Во второй половине дня, вернувшись после деловой встречи в свой отель в Швабинге, Фогтман снял пиджак, сбросил ботинки и улегся на кровать: надо было подумать. Разговор прошел до того гладко и безмятежно, что он теперь едва ли не стыдился своего поспешного приезда, и тем не менее на душе у него спокойнее не стало. Он не мог отделаться от чувства, что ему показали только сляпанный на скорую руку фасад, в то же время придраться было совершенно не к чему, и в конце концов он сказал себе, что, видимо, все дело в личной неприязни, которую вызвал у него управляющий фирмы, — вероятно, именно эта неприязнь и была причиной его недоверия.
Урбан оказался плотным, приземистым человеком с черными как смоль, зализанными назад волосами, гладко облегавшими массивный череп.
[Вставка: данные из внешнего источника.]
lemma trace_proj_matrix: "finite_orthonormal S \<Longrightarrow> trace (proj_matrix S) = real (card S)"
proof -
  assume S: "finite_orthonormal S"
  have "trace (proj_matrix S) = (\<Sum>b\<in>S. \<Sum>i\<in>UNIV. b$i * b$i)"
    by (simp add: trace_def proj_matrix_def sum.swap[of _ UNIV])
  also have "\<dots> = (\<Sum>b\<in>S. 1)"
    using S by (intro sum.cong) (auto simp: finite_orthonormal_def inner_vec_def)
  finally show ?thesis by simp
qed

lemma inner_self_projection:
  fixes P :: "real^'n^'n"
  assumes sym: "transpose P = P" and idem: "P ** P = P"
  shows "P \<bullet> P = trace P"
proof -
  have "P$j$i = P$i$j" for i j
    using arg_cong[OF sym, of "\<lambda>X. X$i$j"] by (simp add: transpose_def)
  then have "trace (P ** P) = P \<bullet> P"
    by (simp add: trace_def matrix_matrix_mult_def inner_vec_def)
  then show ?thesis by (simp add: idem)
qed

lemma projection_eq_proj_matrix_range:
  fixes P :: "real^'n^'n"
  assumes sym: "transpose P = P" and idem: "P ** P = P"
    and Bs: "finite_orthonormal Bs" "span Bs = range (\<lambda>x. P *v x)"
  shows "P = proj_matrix Bs"
proof -
  have fixes_basis: "b \<bullet> (P *v x) = b \<bullet> x" if "b \<in> Bs" for b x
  proof -
    have "b \<in> span Bs" using that by (rule span_base)
    then obtain y where "b = P *v y" using Bs(2) by auto
    then have "P *v b = b" by (simp add: matrix_vector_mul_assoc idem)
    then show ?thesis by (simp add: inner_matrix_vector_transpose[of b P] sym)
  qed
  have "P *v x = proj_matrix Bs *v x" for x
  proof -
    have "proj_matrix Bs *v (P *v x) = P *v x" using Bs by (simp add: proj_matrix_vector_span)
    moreover have "proj_matrix Bs *v (P *v x) = proj_matrix Bs *v x"
      using fixes_basis by (simp add: proj_matrix_vector)
    ultimately show ?thesis by simp
  qed
  then show ?thesis by (simp add: matrix_eq)
qed

lemma rank_projection:
  fixes P :: "real^'n^'n"
  assumes "transpose P = P" "P ** P = P"
  shows "real (rank P) = trace P"
proof -
  obtain Bs where Bs: "finite_orthonormal Bs" "span Bs = range (\<lambda>x. P *v x)"
      "card Bs = dim (range (\<lambda>x. P *v x))"
    using finite_orthonormal_basis_subspace
      [OF linear_subspace_image[OF matrix_vector_mul_linear subspace_UNIV]] by metis
  then show ?thesis
    using projection_eq_proj_matrix_range[OF assms Bs(1,2)]
    by (simp add: trace_proj_matrix rank_dim_range)
qed

definition projections_trace_le :: "nat \<Rightarrow> (real^'n^'n) set" where
  "projections_trace_le k = {P. transpose P = P \<and> P ** P = P \<and> trace P \<le> real k}"

lemma projection_onto_range:
  fixes M :: "real^'c^'r"
  assumes "rank M \<le> k"
  obtains P where "P \<in> projections_trace_le k" "P ** M = M"
proof -
  obtain Bs where Bs: "finite_orthonormal Bs" "span Bs = range (\<lambda>x. M *v x)"
      "card Bs = dim (range (\<lambda>x. M *v x))"
    using finite_orthonormal_basis_subspace
      [OF linear_subspace_image[OF matrix_vector_mul_linear subspace_UNIV]] by metis
  have "proj_matrix Bs ** M = M"
    using Bs by (simp add: matrix_eq matrix_vector_mul_assoc[symmetric] proj_matrix_vector_span)
  moreover have "proj_matrix Bs \<in> projections_trace_le k"
    using Bs assms
    by (simp add: projections_trace_le_def transpose_proj_matrix proj_matrix_idem
        trace_proj_matrix rank_dim_range)
  ultimately show ?thesis using that by blast
qed

lemma rank_projection_mult_le:
  fixes N :: "real^'c^'r"
  assumes "P \<in> projections_trace_le k"
  shows "rank (P ** N) \<le> k"
proof -
  have "real (rank P) \<le> real k"
    using assms rank_projection[of P] by (simp add: projections_trace_le_def)
  then show ?thesis using rank_mul_le_left[of P N] by simp
qed
(* Every permutation p lies in exactly one such fibre, namely that of the
   injective tuple p o r. *)
lemma sum_over_fibers:
  fixes n :: nat
  assumes r: "r \<in> inj_tuples m {0..<n}"
  shows "(\<Sum>s\<in>inj_tuples m {0..<n}. \<Sum>p | p permutes {0..<n} \<and> (\<forall>k<m. p (r k) = s k). W p)
       = (\<Sum>p | p permutes {0..<n}. W p)"
proof -
  let ?g = "\<lambda>p. restrict (p \<circ> r) {0..<m}"
  have rP: "r \<in> {0..<m} \<rightarrow>\<^sub>E {0..<n}" and ri: "inj_on r {0..<m}"
    using r unfolding inj_tuples_def by auto
  have into: "?g ` {p. p permutes {0..<n}} \<subseteq> inj_tuples m {0..<n}"
  proof (rule image_subsetI)
    fix p assume "p \<in> {p. p permutes {0..<n}}"
    then have p: "p permutes {0..<n}" by simp
    have "inj_on (p \<circ> r) {0..<m}"
      using ri permutes_inj[OF p] by (simp add: comp_inj_on inj_on_subset[of p UNIV])
    then show "?g p \<in> inj_tuples m {0..<n}"
      using rP permutes_in_image[OF p] unfolding inj_tuples_def by (auto simp: PiE_iff inj_on_def)
  qed
  have fiber: "{p. p permutes {0..<n} \<and> (\<forall>k<m. p (r k) = s k)} = {p \<in> {p. p permutes {0..<n}}. ?g p = s}"
    if "s \<in> inj_tuples m {0..<n}" for s
  proof -
    have "s \<in> extensional {0..<m}" using that unfolding inj_tuples_def by (auto simp: PiE_iff)
    then have "(\<forall>k<m. p (r k) = s k) \<longleftrightarrow> ?g p = s" for p
      by (auto simp: fun_eq_iff extensional_def)
    then show ?thesis by auto
  qed
  have "(\<Sum>s\<in>inj_tuples m {0..<n}. \<Sum>p | p permutes {0..<n} \<and> (\<forall>k<m. p (r k) = s k). W p)
      = (\<Sum>s\<in>inj_tuples m {0..<n}. \<Sum>p\<in>{p \<in> {p. p permutes {0..<n}}. ?g p = s}. W p)"
    by (rule sum.cong[OF refl]) (simp only: fiber)
  also have "\<dots> = (\<Sum>p | p permutes {0..<n}. W p)"
    by (rule sum.group) (simp_all add: finite_permutations finite_inj_tuples into)
  finally show ?thesis .
qed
Слушая собеседника, он вдруг ни с того ни с сего, осклабившись, раздвигал углы рта в странной улыбке, которая сообщала его неподвижному лицу выражение дикого, почти людоедского восторга. Фогтмана он приветствовал с преувеличенным и шумным радушием, обдав его терпким запахом то ли туалетной воды, то ли мужских духов, которых он, судя по всему, не жалел. Дольше необходимого задержав его руку в своей и величая «милейшим господином Фогтманом», он усадил гостя в кресло и повел разговор так, будто считает его приезд в Мюнхен случайной оказией, визитом вежливости, нанесенным по пути, в промежутке между другими более серьезными делами, как бы между прочим. Поскольку Фогтман не знал, как о нем доложили, пришлось принять этот легковесный тон, и, когда они перешли к делу, «к нашим взаимным дружеским интересам», как выразился Урбан, он уже не сумел привнести в беседу ту серьезность и настоятельность, на которые рассчитывал. Выходило, будто причин для беспокойства вовсе нет. Обороты супермаркетов росли с каждым месяцем, так что скоро дела у них пойдут совсем блестяще.
— И тем не менее я встревожен, господин Урбан, — возразил Фогтман. — Вы ведь не погасили два последних векселя. Это около ста тысяч. Для вас, быть может, это пустяк, а для меня деньги немалые. Как прикажете это понимать?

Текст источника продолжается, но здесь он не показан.